● What to produce
Where in the data does the word "moreover" appear? Find those lines and copy them.

● Data supplied
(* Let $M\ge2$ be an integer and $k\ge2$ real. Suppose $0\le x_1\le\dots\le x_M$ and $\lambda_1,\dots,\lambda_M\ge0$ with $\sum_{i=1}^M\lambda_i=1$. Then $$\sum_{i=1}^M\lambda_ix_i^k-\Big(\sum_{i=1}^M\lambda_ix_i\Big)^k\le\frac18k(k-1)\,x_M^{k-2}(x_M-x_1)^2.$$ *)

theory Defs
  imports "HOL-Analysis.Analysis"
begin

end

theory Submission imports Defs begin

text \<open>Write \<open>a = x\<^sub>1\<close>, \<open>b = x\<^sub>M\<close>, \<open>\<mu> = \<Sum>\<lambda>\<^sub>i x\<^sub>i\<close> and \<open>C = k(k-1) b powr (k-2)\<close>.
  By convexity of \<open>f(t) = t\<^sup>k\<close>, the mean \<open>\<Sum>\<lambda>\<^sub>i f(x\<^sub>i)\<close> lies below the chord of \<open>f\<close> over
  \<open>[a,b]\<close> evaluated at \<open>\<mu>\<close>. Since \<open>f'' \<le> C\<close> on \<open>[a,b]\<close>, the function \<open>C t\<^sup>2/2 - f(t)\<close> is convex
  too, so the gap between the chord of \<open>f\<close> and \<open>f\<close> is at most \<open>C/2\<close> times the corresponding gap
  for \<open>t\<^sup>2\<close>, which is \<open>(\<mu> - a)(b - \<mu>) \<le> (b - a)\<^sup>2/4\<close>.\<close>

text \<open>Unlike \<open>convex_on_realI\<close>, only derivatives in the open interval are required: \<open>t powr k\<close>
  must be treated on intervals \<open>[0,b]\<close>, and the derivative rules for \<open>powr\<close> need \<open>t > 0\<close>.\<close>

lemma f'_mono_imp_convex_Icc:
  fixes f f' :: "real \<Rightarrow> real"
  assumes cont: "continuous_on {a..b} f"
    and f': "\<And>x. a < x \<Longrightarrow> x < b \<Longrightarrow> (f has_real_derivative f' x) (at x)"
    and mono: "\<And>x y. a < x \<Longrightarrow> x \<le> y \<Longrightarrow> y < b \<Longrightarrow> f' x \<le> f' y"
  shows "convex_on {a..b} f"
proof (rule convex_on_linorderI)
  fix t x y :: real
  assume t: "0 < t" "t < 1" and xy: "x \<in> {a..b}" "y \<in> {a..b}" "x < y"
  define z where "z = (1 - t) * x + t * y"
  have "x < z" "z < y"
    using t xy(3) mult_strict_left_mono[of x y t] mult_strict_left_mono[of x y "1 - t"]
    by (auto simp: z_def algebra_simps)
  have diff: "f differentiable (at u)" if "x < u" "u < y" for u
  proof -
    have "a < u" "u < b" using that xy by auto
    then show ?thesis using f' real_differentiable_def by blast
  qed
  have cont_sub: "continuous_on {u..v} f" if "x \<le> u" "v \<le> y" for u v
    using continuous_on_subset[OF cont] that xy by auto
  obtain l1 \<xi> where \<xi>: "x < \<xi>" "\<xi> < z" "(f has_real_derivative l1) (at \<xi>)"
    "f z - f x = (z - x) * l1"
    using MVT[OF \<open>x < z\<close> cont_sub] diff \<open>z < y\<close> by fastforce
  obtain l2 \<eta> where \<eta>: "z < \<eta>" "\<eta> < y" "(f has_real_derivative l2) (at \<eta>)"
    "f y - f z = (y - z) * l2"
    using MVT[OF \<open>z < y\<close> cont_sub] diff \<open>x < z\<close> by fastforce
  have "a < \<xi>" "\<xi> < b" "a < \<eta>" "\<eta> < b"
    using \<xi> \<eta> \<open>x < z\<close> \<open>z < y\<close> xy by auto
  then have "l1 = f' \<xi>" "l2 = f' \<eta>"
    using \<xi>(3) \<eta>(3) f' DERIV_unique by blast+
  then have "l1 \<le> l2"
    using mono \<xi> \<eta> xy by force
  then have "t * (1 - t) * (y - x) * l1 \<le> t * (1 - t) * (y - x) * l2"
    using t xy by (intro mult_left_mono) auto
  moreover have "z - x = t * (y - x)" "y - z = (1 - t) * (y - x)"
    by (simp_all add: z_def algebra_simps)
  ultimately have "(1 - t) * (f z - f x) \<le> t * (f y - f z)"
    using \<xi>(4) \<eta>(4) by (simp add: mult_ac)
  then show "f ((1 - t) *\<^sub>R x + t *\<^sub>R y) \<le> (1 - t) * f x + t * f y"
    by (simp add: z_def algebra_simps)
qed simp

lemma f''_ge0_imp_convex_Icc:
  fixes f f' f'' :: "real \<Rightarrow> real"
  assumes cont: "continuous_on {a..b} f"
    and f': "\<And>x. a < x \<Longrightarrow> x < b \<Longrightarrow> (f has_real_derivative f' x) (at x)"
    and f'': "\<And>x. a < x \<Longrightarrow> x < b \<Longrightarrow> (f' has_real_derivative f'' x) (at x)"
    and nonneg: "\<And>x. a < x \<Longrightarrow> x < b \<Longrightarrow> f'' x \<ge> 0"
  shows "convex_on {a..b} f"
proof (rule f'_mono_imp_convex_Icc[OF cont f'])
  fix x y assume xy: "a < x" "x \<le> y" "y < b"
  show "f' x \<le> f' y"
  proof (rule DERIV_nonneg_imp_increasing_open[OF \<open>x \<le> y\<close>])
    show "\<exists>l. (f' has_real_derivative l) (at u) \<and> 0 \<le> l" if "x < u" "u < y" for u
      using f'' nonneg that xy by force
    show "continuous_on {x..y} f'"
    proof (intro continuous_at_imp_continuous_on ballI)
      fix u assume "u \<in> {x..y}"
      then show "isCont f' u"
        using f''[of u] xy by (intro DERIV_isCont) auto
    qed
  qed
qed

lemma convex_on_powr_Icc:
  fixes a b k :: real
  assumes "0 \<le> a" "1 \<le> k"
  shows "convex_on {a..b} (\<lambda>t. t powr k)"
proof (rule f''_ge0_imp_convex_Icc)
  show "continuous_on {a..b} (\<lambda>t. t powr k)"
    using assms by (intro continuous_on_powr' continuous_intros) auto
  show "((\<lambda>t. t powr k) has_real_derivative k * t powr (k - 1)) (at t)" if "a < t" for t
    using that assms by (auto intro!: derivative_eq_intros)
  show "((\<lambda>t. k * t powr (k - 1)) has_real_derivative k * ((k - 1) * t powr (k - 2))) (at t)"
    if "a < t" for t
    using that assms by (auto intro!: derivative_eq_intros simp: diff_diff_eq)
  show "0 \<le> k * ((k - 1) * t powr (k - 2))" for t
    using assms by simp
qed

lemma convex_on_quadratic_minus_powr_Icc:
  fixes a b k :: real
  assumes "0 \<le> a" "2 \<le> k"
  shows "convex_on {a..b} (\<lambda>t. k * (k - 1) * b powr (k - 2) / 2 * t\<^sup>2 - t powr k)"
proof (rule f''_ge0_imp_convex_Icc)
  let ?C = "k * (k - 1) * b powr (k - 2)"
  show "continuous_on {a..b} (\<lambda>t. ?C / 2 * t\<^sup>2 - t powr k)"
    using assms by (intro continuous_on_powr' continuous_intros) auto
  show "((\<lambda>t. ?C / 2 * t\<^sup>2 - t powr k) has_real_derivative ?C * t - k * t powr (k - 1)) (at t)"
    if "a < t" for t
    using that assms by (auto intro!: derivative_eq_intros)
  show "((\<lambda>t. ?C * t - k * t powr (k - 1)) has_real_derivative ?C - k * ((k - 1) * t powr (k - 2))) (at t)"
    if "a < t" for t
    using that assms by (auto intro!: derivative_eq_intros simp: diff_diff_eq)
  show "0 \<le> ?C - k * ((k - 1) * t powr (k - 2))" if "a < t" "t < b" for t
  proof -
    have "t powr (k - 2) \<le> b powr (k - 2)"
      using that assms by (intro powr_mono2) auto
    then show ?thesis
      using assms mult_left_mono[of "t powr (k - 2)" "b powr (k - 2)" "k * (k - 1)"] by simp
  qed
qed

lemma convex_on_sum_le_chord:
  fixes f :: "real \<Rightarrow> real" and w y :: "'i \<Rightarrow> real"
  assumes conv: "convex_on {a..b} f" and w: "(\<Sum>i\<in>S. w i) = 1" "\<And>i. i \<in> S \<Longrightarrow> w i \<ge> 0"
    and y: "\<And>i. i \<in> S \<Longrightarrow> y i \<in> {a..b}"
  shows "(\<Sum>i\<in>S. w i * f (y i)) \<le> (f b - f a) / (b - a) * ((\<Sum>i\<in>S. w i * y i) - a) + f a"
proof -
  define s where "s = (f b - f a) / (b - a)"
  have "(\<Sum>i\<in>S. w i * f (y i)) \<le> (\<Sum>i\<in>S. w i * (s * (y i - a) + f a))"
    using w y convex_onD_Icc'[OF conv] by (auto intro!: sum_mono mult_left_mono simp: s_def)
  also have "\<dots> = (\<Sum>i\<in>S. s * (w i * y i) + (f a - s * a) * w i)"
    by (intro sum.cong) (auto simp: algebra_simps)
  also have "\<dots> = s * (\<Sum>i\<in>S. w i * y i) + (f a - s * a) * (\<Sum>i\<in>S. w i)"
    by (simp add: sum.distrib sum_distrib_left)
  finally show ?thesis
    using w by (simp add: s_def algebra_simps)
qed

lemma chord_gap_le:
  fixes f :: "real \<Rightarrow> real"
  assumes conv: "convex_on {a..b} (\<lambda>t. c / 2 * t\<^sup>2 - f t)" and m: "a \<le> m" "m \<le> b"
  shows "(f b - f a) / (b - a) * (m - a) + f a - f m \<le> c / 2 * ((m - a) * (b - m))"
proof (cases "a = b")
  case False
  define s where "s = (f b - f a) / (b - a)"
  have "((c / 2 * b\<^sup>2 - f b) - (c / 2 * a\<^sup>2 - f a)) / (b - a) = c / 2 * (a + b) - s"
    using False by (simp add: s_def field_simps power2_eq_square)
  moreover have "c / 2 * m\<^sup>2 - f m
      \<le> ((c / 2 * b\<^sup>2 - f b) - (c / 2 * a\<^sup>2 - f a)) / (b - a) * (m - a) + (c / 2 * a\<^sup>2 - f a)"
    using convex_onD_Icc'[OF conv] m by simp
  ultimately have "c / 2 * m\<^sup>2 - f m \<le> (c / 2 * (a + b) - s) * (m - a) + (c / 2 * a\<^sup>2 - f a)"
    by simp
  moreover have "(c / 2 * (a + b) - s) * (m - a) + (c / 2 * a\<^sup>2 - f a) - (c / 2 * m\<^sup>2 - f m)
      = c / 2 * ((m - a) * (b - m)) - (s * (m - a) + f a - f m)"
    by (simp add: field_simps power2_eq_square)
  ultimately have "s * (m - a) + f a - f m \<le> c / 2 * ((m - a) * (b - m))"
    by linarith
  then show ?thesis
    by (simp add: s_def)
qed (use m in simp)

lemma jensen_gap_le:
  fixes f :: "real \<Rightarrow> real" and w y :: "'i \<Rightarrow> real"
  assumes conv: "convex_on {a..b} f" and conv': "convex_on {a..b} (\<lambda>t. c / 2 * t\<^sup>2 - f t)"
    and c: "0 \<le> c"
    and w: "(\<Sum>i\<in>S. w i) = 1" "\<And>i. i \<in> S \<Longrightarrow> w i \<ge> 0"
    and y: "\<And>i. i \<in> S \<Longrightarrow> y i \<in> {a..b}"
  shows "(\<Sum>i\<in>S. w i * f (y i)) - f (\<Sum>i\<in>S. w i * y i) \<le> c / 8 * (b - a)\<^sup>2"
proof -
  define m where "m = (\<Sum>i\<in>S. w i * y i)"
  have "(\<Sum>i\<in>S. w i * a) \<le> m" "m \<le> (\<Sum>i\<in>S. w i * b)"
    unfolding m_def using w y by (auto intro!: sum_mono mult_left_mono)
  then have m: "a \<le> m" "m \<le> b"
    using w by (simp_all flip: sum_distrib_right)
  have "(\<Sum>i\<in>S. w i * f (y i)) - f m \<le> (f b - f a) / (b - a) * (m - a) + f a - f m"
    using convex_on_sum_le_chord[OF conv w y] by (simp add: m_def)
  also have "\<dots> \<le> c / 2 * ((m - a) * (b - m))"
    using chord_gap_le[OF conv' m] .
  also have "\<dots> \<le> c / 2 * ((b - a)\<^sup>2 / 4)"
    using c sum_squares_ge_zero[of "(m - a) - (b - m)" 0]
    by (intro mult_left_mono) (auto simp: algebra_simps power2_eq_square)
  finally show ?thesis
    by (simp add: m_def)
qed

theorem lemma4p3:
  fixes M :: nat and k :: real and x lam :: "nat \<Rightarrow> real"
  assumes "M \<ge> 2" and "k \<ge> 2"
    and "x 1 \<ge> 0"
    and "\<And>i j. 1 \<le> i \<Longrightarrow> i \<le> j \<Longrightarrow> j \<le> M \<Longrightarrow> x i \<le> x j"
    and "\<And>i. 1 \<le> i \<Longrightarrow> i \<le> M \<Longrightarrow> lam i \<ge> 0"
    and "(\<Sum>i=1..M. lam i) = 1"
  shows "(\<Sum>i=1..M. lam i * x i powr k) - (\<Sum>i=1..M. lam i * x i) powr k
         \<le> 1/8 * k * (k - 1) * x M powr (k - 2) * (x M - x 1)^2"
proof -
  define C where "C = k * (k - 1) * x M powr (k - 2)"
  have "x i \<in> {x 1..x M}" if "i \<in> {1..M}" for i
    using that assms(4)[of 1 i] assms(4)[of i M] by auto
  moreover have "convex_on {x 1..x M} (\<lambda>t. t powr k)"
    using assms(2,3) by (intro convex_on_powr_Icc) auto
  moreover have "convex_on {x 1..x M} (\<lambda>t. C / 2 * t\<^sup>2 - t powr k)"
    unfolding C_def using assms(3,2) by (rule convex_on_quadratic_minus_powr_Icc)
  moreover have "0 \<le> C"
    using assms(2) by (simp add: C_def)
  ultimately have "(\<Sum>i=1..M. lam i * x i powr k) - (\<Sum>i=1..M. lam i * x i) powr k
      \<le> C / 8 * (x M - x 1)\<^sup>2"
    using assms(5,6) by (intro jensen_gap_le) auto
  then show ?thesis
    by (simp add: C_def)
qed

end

● Written answer
  moreover have "z - x = t * (y - x)" "y - z = (1 - t) * (y - x)"
  moreover have "c / 2 * m\<^sup>2 - f m
  moreover have "(c / 2 * (a + b) - s) * (m - a) + (c / 2 * a\<^sup>2 - f a) - (c / 2 * m\<^sup>2 - f m)
  moreover have "convex_on {x 1..x M} (\<lambda>t. t powr k)"
  moreover have "convex_on {x 1..x M} (\<lambda>t. C / 2 * t\<^sup>2 - t powr k)"
  moreover have "0 \<le> C"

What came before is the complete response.